**About this task:**
Look through the records below for the line with "(\<Sum>e1\<in>Out. fscale (k" and the line with "x = (\<Sum>i<\<omega>.", then return those lines and all lines between, exactly.

**Records to process:**
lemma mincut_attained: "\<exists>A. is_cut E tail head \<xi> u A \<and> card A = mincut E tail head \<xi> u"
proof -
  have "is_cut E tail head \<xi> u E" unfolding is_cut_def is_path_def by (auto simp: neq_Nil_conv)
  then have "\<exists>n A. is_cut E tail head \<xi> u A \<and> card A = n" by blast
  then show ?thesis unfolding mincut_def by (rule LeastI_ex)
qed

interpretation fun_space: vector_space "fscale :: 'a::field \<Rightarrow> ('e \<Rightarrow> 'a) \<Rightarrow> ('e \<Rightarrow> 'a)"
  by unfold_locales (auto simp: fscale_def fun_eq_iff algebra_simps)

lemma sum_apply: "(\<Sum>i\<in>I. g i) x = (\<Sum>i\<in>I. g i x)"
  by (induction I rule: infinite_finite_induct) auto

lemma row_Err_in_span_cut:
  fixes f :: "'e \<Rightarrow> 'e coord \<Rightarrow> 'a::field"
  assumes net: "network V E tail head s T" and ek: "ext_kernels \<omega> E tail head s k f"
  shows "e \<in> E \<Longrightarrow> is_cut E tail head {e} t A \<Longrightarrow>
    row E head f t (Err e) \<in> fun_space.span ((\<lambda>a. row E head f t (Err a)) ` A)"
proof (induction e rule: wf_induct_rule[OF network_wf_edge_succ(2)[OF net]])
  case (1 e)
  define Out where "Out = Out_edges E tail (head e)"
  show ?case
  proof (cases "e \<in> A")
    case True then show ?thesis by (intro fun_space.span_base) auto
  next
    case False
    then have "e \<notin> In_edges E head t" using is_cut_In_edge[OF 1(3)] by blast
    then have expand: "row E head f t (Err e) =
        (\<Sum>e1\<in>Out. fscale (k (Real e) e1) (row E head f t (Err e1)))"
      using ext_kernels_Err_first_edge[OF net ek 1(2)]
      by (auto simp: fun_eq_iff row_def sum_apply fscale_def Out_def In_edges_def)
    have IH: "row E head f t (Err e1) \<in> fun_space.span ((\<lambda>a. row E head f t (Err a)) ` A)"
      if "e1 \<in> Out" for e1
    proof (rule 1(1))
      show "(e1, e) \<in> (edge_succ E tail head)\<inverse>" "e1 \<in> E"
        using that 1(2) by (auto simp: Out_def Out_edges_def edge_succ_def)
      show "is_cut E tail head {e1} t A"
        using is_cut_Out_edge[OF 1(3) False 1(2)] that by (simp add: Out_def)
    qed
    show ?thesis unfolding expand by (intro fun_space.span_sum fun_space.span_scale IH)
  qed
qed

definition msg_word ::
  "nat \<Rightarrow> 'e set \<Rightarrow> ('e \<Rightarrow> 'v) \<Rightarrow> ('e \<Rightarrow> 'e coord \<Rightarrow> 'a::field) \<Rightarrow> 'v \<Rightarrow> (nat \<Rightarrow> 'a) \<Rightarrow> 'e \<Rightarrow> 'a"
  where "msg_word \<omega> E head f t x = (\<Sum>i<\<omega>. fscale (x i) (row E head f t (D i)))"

...

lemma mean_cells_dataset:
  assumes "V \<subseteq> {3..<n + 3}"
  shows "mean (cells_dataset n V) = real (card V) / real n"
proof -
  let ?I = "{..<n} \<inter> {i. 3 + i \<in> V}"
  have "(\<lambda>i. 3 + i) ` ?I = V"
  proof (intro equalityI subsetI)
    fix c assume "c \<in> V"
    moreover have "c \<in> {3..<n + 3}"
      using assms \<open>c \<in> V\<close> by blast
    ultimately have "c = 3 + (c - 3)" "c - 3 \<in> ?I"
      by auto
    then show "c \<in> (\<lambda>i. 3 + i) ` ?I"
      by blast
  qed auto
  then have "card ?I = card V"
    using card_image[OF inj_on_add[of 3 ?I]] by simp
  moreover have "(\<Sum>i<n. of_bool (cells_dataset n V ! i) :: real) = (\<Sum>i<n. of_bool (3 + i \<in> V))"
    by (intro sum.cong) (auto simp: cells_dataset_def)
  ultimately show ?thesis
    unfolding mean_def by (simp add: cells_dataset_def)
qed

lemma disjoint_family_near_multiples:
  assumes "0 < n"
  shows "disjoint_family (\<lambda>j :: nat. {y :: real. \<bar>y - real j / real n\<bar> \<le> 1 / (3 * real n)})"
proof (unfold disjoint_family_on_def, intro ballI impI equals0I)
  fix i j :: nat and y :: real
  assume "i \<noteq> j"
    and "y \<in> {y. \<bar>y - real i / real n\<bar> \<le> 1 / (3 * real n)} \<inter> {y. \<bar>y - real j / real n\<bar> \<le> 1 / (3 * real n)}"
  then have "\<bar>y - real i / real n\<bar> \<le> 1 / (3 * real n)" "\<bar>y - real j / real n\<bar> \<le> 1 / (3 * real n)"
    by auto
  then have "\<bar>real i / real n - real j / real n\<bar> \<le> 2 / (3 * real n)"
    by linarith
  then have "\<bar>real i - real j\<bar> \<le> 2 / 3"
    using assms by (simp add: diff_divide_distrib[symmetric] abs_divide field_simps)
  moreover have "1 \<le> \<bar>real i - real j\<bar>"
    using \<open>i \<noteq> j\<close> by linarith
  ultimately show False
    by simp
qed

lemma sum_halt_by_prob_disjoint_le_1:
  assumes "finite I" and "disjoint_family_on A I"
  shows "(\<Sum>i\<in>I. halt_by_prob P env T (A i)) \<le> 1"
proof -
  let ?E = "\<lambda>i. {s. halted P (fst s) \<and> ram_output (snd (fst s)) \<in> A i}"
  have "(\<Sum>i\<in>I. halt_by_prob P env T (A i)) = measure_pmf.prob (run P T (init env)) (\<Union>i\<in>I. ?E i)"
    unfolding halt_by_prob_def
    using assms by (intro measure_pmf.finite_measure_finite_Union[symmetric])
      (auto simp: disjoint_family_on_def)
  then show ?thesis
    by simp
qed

**Solution for this exercise:**
        (\<Sum>e1\<in>Out. fscale (k (Real e) e1) (row E head f t (Err e1)))"
      using ext_kernels_Err_first_edge[OF net ek 1(2)]
      by (auto simp: fun_eq_iff row_def sum_apply fscale_def Out_def In_edges_def)
    have IH: "row E head f t (Err e1) \<in> fun_space.span ((\<lambda>a. row E head f t (Err a)) ` A)"
      if "e1 \<in> Out" for e1
    proof (rule 1(1))
      show "(e1, e) \<in> (edge_succ E tail head)\<inverse>" "e1 \<in> E"
        using that 1(2) by (auto simp: Out_def Out_edges_def edge_succ_def)
      show "is_cut E tail head {e1} t A"
        using is_cut_Out_edge[OF 1(3) False 1(2)] that by (simp add: Out_def)
    qed
    show ?thesis unfolding expand by (intro fun_space.span_sum fun_space.span_scale IH)
  qed
qed

definition msg_word ::
  "nat \<Rightarrow> 'e set \<Rightarrow> ('e \<Rightarrow> 'v) \<Rightarrow> ('e \<Rightarrow> 'e coord \<Rightarrow> 'a::field) \<Rightarrow> 'v \<Rightarrow> (nat \<Rightarrow> 'a) \<Rightarrow> 'e \<Rightarrow> 'a"
  where "msg_word \<omega> E head f t x = (\<Sum>i<\<omega>. fscale (x i) (row E head f t (D i)))"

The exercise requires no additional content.